Successivement, la mise en place petit à petit des mises en lumière permettra de constater l’envergure du déploiement du Plan lumière et ainsi de voir établi tout un ensemble de réalisations.

            Mais il semble que le déroulement des travaux tende à rencontrer certaines difficultés, l’éclairement des voies tardant un peu à cause du choix de l’objet mât par les élus et le maire dans les zones où les support n’ont pas d’intérêt patrimonial ou historique, et les mises en lumière rencontrant parfois quelques problèmes que l’on n’aurait pu envisager avant la phase active des réalisations[15].

 

            Il existe une nature différente entre la mise en lumière et la requalification lumineuse de voies. Il est ainsi avéré qu’il est plus aisé de travailler sur la voirie, car les mises en lumière étaient jugées secondaires auparavant, donc rares. Il est donc avant tout une question d’opportunité de travailler sur les mises en lumière car c’est par elles que l’on se rend compte le plus de la mise en place effective du Plan lumière, encore faut-il définir les priorités en matière de mises en lumière, que ce soit au niveau géographique ou au niveau de l’intérêt.

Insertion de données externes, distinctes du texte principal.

lemma normal_form_fact_no_self_cycle:
  assumes "normal_form P" "({q}, {}) \<in> P" "r \<in> P"
  shows "\<not> self_cycle q r"
proof
  assume "self_cycle q r"
  then have "H ({q}, {}) \<subseteq> H r \<and> B ({q}, {}) \<subset> B r"
    unfolding self_cycle_def H_def B_def by auto
  moreover have "minimal_in P r"
    using assms(1,3) unfolding normal_form_def by blast
  ultimately show False
    using assms(2) unfolding minimal_in_def by blast
qed

lemma forgettable_R3_or_others_empty:
  assumes "normal_form P" "forgettable P q"
  shows "R3 P q = {} \<or> R0 P q \<union> R1 P q \<union> R2 P q \<union> R4 P q = {}"
proof -
  note NF_P = NF_normal_form[OF assms(1)]
  from assms(2) consider
      (only_cycles) "\<forall>r\<in>P. q \<in> sig r \<longrightarrow> self_cycle q r"
    | (no_cycles) "\<not> (\<exists>r\<in>P. self_cycle q r)"
    using normal_form_fact_no_self_cycle[OF assms(1)] unfolding forgettable_def by blast
  then show ?thesis
  proof cases
    case only_cycles
    have "Pos q \<notin> B r \<and> Neg q \<notin> B r \<and> NNeg q \<in> B r \<and> q \<in> H r"
      if "r \<in> P" "q \<in> sig r" for r
      using only_cycles that assms(1) unfolding self_cycle_def normal_form_def by blast
    moreover have "q \<in> sig r" if "l \<in> B r" "atom l = q" for r l
      using that unfolding sig_def by force
    ultimately have "R0 P q \<union> R1 P q \<union> R2 P q \<union> R4 P q = {}"
      unfolding R0_def R1_def R2_def R4_def NF_P sig_def by fastforce
    then show ?thesis ..
  next
    case no_cycles
    then show ?thesis
      unfolding R3_def NF_P self_cycle_def by blast
  qed
qed

lemma der_using_R3_empty:
  assumes "R3 P q = {} \<or> R0 P q \<union> R1 P q \<union> R2 P q \<union> R4 P q = {}"
  shows "der2a P q = {}" "der3a P q = {}" "der2b P q = {}" "der3b P q = {}"
    "der5 P q = {}" "der6 P q = {}" "der7 P q = {}"
  using assms
  unfolding der2a_def der3a_def der2b_def der3b_def der5_def der6_def der7_def
  by blast+

theorem theorem5:
  fixes P :: "'a rule set" and q :: 'a
  assumes "program P"
    and "normal_form P"
    and "forgettable P q"
  shows "fSP P q = NF (sR P q \<union> der1a P q \<union> der1b P q \<union> der4 P q)"
  unfolding fSP_def der_using_R3_empty[OF forgettable_R3_or_others_empty[OF assms(2,3)]]
  by (simp add: Un_ac)

end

            Il existe une aussi une distinction importante qui est opérée entre le patrimoine historique et le patrimoine moderne quant au traitement, notamment pour ce qui est de la place accordée à l’originalité. Toutefois, chaque cas est particulier. Ainsi doit-on tenir compte des points communs architecturaux ou géographiques pour garder une certaine cohérence.

 

            Mais aussi il est possible de pouvoir bénéficier de subventions pour la réalisation des mises en lumière. Ces subventions arrivent à la ville, non au service de l’éclairage. C’est ainsi que la part du budget alloué au Plan lumière peut évoluer par décision du maire. Mais toutefois la même somme a été allouée dès l’origine, sans évolution.

Concrètement, pour ce qui est de l’aspect du financement, une aide est accordée par l’Europe dans le cadre des FEDER pour certaines réalisations, mais aussi un financement de l’Etat complète les subventions. Le financement se fait de façon à peu près équilibrée entre l’Europe, l’Etat et la ville lorsque les fonds européens sont attribués, sinon le financement se fait à 60% par la commune et à 40% par l’Etat (par le biais de la DATAR, du fait du protocole d’accord avec le ministère de la culture). Il existe aussi des opérations qui sont intégralement financées par la commune, donc sans participation de l’Etat.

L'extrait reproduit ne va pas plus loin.